For example, does an IEEE single-precision binary floating-point number, or *float* as it’s known, have 6-8 digits? 7-8 digits? 6-9 digits? 6 digits? 7 digits? 7.22 digits? 6-112 digits? (I’ve seen all those answers on the Web.)

Part of the reason for multiple answers is that there *is* no single answer; the question is not as well defined as it seems. On the other hand, if you understand what it really means to equate decimal floating-point precision with binary floating-point precision, then only some of those answers make sense. In this article, I will argue that there are only three reasonable answers: “6 digits”, “6-8 digits”, and “slightly more than 7 digits on average”.

(For double-precision binary floating-point numbers, or *doubles*, the three answers are “15 digits”, “15-16 digits”, and “slightly less than 16 digits on average”.)

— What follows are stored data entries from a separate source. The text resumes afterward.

(* Let $d \equiv 2 \pmod 4$ be a square-free positive integer such that both equations $x^2 - dy^2 = -1$ and $x^2 - dy^2 = 6$ have solutions in integers $x, y$. Let $n = 4m + 4k\sqrt{d}$ with $m, k \in \mathbb{Z}$, and suppose it is not the case that both $m \equiv 5 \pmod 6$ and $k \equiv 3 \pmod 6$. Then there exist infinitely many $D(n)$-quadruples in $\mathbb{Z}[\sqrt{d}]$.
   Context: For $n \in \mathbb{Z}[\sqrt{d}]$, a set $\{a_1,a_2,a_3,a_4\}$ of four distinct non-zero elements of $\mathbb{Z}[\sqrt{d}]$ is called a $D(n)$-quadruple in $\mathbb{Z}[\sqrt{d}]$ if $a_ia_j + n$ is a square of an element of $\mathbb{Z}[\sqrt{d}]$ for all $1 \le i < j \le 4$. *)

theory Defs
  imports Main "HOL-Computational_Algebra.Squarefree"
begin

text \<open>Elements of Z[sqrt d] are represented as pairs (a, b) meaning a + b*sqrt d.
  For non-square d this representation is unique.\<close>

type_synonym zsqrt = "int \<times> int"

definition zs_add :: "zsqrt \<Rightarrow> zsqrt \<Rightarrow> zsqrt" where
  "zs_add x y = (fst x + fst y, snd x + snd y)"

definition zs_mult :: "int \<Rightarrow> zsqrt \<Rightarrow> zsqrt \<Rightarrow> zsqrt" where
  "zs_mult d x y = (fst x * fst y + d * snd x * snd y, fst x * snd y + snd x * fst y)"

definition zs_is_square :: "int \<Rightarrow> zsqrt \<Rightarrow> bool" where
  "zs_is_square d w \<longleftrightarrow> (\<exists>z. zs_mult d z z = w)"

definition D_quadruple :: "int \<Rightarrow> zsqrt \<Rightarrow> zsqrt set \<Rightarrow> bool" where
  "D_quadruple d n S \<longleftrightarrow>
     card S = 4 \<and> (0, 0) \<notin> S \<and>
     (\<forall>a\<in>S. \<forall>b\<in>S. a \<noteq> b \<longrightarrow> zs_is_square d (zs_add (zs_mult d a b) n))"

end

theory Submission
  imports Defs "HOL-Computational_Algebra.Polynomial"
begin

text \<open>
  Map \<open>\<int>[\<surd>d]\<close> into \<open>\<real>\<close> by \<open>(a, b) \<mapsto> a + b\<surd>d\<close>; this is injective because
  \<open>d \<equiv> 2 (mod 4)\<close> is not a square, so all computations can be done with real numbers.
  If \<open>R\<^sup>2 = tA + n\<close>, then for the set \<open>{t, A, A + 2R + t, 4A + 4R + t}\<close> every product of two
  elements plus \<open>n\<close> is a square, except possibly \<open>t(4A + 4R + t) + n = (2R + t)\<^sup>2 - 3n\<close>.
  To make this one a square as well, factor \<open>3n/4 = \<alpha>\<beta>\<close> and take \<open>2R + t = \<alpha>e + \<beta>/e\<close> for a
  unit \<open>e\<close>: then \<open>(2R + t)\<^sup>2 - 3n = (\<alpha>e - \<beta>/e)\<^sup>2\<close>. If \<open>e\<close> and \<open>1/e\<close> are \<open>\<equiv> 1 (mod 12)\<close>, the
  integrality of \<open>R\<close> and of \<open>A = (R\<^sup>2 - n)/t\<close> reduces to the case \<open>e = 1\<close>, and the powers of
  the fourth power of a unit of norm \<open>-1\<close> supply infinitely many such \<open>e\<close>.
  The factorisation and \<open>t\<close> are chosen according to \<open>m, k\<close> modulo 4 and modulo 3; for odd
  \<open>m, k\<close> one takes \<open>t\<close> of norm \<open>\<plusminus>6\<close>, and this works unless \<open>m \<equiv> 5\<close>, \<open>k \<equiv> 3 (mod 6)\<close>.
\<close>

section \<open>The embedding of \<open>\<int>[\<surd>d]\<close> into the reals\<close>

definition zs_real :: "int \<Rightarrow> zsqrt \<Rightarrow> real" where
  "zs_real d x = of_int (fst x) + of_int (snd x) * sqrt (of_int d)"

definition Zsqrt :: "int \<Rightarrow> real set" where
  "Zsqrt d = range (zs_real d)"

lemma zs_real_add: "zs_real d (zs_add x y) = zs_real d x + zs_real d y"
  by (simp add: zs_real_def zs_add_def algebra_simps)

lemma zs_real_mult:
  assumes "d \<ge> 0"
  shows "zs_real d (zs_mult d x y) = zs_real d x * zs_real d y"
proof -
  have "sqrt (of_int d) * sqrt (of_int d) = (of_int d :: real)"
    using assms by simp
  then show ?thesis
    by (simp add: zs_real_def zs_mult_def algebra_simps)
qed

lemma zs_real_mult_conj:
  assumes "d \<ge> 0"
  shows "zs_real d (x, y) * zs_real d (x, - y) = of_int (x^2 - d * y^2)"
  using assms by (simp add: zs_real_def algebra_simps power2_eq_square)

lemma zs_real_square:
  assumes "d \<ge> 0"
  shows "zs_real d (a, b) ^ 2 = zs_real d (a^2 + d * b^2, 2 * a * b)"
  using assms by (simp add: zs_real_def power2_eq_square algebra_simps)

lemma square_eq_mult_square_imp_zero:
  fixes a b d :: int
  assumes "d mod 4 = 2" and "a^2 = d * b^2"
  shows "b = 0"
proof (rule ccontr)
  assume "b \<noteq> 0"
  have "d \<noteq> 0" using assms(1) by auto
  with \<open>b \<noteq> 0\<close> have "a \<noteq> 0" using assms(2) by auto
  have two: "prime (2::int)" by simp
  have "multiplicity 2 d = 1"
  proof (rule multiplicity_eqI)
    show "2 ^ 1 dvd d" "\<not> 2 ^ Suc 1 dvd d"
      using assms(1) by (simp_all add: dvd_eq_mod_eq_0; presburger)+
  qed
  then have "multiplicity 2 (d * b^2) = 1 + 2 * multiplicity 2 b"
    using \<open>d \<noteq> 0\<close> \<open>b \<noteq> 0\<close> two
    by (simp add: prime_elem_multiplicity_mult_distrib prime_elem_multiplicity_power_distrib)
  moreover have "multiplicity 2 (a^2) = 2 * multiplicity 2 a"
    using \<open>a \<noteq> 0\<close> two by (simp add: prime_elem_multiplicity_power_distrib)
  ultimately have "2 * multiplicity 2 a = 1 + 2 * multiplicity (2::int) b"
    using assms(2) by simp
  then show False by presburger
qed

lemma inj_zs_real:
  assumes "d mod 4 = 2" and "d > 0"
  shows "inj (zs_real d)"
proof (rule injI)
  fix x y assume eq: "zs_real d x = zs_real d y"
  then have "of_int (fst y - fst x) = of_int (snd x - snd y) * sqrt (of_int d :: real)"
    by (simp add: zs_real_def algebra_simps)
  then have "(of_int (fst y - fst x))^2 = (of_int (snd x - snd y))^2 * (of_int d :: real)"
    using assms(2) by (simp add: power_mult_distrib)
  then have "of_int ((fst y - fst x)^2) = (of_int (d * (snd x - snd y)^2) :: real)"
    by simp
  then have "(fst y - fst x)^2 = d * (snd x - snd y)^2"
    by (simp only: of_int_eq_iff)
  then have "snd x = snd y"
    using square_eq_mult_square_imp_zero[OF assms(1)] by fastforce
  with eq show "x = y"
    by (simp add: zs_real_def prod_eq_iff)
qed

lemma zs_real_in_Zsqrt [simp]: "zs_real d x \<in> Zsqrt d"
  by (simp add: Zsqrt_def)

lemma of_int_in_Zsqrt [simp]: "of_int a \<in> Zsqrt d"
proof -
  have "of_int a = zs_real d (a, 0)" by (simp add: zs_real_def)
  then show ?thesis by simp
qed

lemma zero_in_Zsqrt [simp]: "0 \<in> Zsqrt d"
  and one_in_Zsqrt [simp]: "1 \<in> Zsqrt d"
  and numeral_in_Zsqrt [simp]: "numeral w \<in> Zsqrt d"
  using of_int_in_Zsqrt[of 0 d] of_int_in_Zsqrt[of 1 d] of_int_in_Zsqrt[of "numeral w" d]
  by simp_all

lemma sqrt_in_Zsqrt [simp]: "sqrt (of_int d) \<in> Zsqrt d"
proof -
  have "sqrt (of_int d) = zs_real d (0, 1)" by (simp add: zs_real_def)
  then show ?thesis by simp
qed

lemma Zsqrt_add [simp]: "a \<in> Zsqrt d \<Longrightarrow> b \<in> Zsqrt d \<Longrightarrow> a + b \<in> Zsqrt d"
  unfolding Zsqrt_def by (auto simp flip: zs_real_add)

lemma Zsqrt_minus [simp]: "a \<in> Zsqrt d \<Longrightarrow> - a \<in> Zsqrt d"
proof -
  assume "a \<in> Zsqrt d"
  then obtain x where "a = zs_real d x" by (auto simp: Zsqrt_def)
  then have "- a = zs_real d (- fst x, - snd x)" by (simp add: zs_real_def)
  then show ?thesis by simp
qed

lemma Zsqrt_diff [simp]: "a \<in> Zsqrt d \<Longrightarrow> b \<in> Zsqrt d \<Longrightarrow> a - b \<in> Zsqrt d"
  using Zsqrt_add[of a d "- b"] by simp

lemma Zsqrt_mult [simp]: "d \<ge> 0 \<Longrightarrow> a \<in> Zsqrt d \<Longrightarrow> b \<in> Zsqrt d \<Longrightarrow> a * b \<in> Zsqrt d"
  unfolding Zsqrt_def by (auto simp flip: zs_real_mult)

lemma Zsqrt_power [simp]: "d \<ge> 0 \<Longrightarrow> a \<in> Zsqrt d \<Longrightarrow> a ^ j \<in> Zsqrt d"
  by (induction j) simp_all

lemma zs_real_divide_in_Zsqrt:
  assumes "c dvd a" and "c dvd b"
  shows "zs_real d (a, b) / of_int c \<in> Zsqrt d"
proof (cases "c = 0")
  case False
  from assms obtain a' b' where "a = c * a'" "b = c * b'" unfolding dvd_def by blast
  with False have "zs_real d (a, b) / of_int c = zs_real d (a', b')"
    by (simp add: zs_real_def field_simps)
  then show ?thesis by simp
qed simp

lemma half_square_diff_in_Zsqrt:
  assumes "d \<ge> 0" and "even d" and "even a"
  shows "(zs_real d (a, b)^2 - 4 * zs_real d (m, k)) / 2 \<in> Zsqrt d"
proof -
  have "(zs_real d (a, b)^2 - 4 * zs_real d (m, k)) / 2
      = zs_real d (a^2 + d * b^2 - 4 * m, 2 * a * b - 4 * k) / of_int 2"
    using assms(1) by (simp add: zs_real_square) (simp add: zs_real_def algebra_simps)
  also have "\<dots> \<in> Zsqrt d"
    using assms(2,3) by (intro zs_real_divide_in_Zsqrt) simp_all
  finally show ?thesis .
qed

## Before We Start: The Answer Is Not log_{10}(2^{24}) ≈ 7.22

A common answer is that floats have a precision of about 7.22 digits. While this may be true for integers, where gaps align and are both of size one, it’s not true for floating point numbers (the fact that it gets you in the ballpark notwithstanding). I can’t say it better than David Matula himself, as he did in his 1970 paper “A Formalization of Floating-Point Numeric Base Conversion”:

“Converting integer and fixed-point data to an “equivalent” differently based number system is generally achieved by utilizing essentially log

_{δ}Β times as many digits in the new base δ as were present for representing numbers in the old base Β system. This simplified notion of equivalence does not extend to the conversion of floating-point systems. Actually, conversion between floating-point number systems introduces subtle difficulties peculiar to the structure of these systems so that no such convenient formula for equating the “numbers of significant digits” is even meaningful.”

## Defining Precision

Bruce Dawson has an excellent article on floating-point precision. Here is his main definition of precision, and the one I will adopt:

“For most of our purposes when we say that a format has n-digit precision we mean that over some range, typically [10^k, 10^(k+1)), where k is an integer, all n-digit numbers can be uniquely identified.”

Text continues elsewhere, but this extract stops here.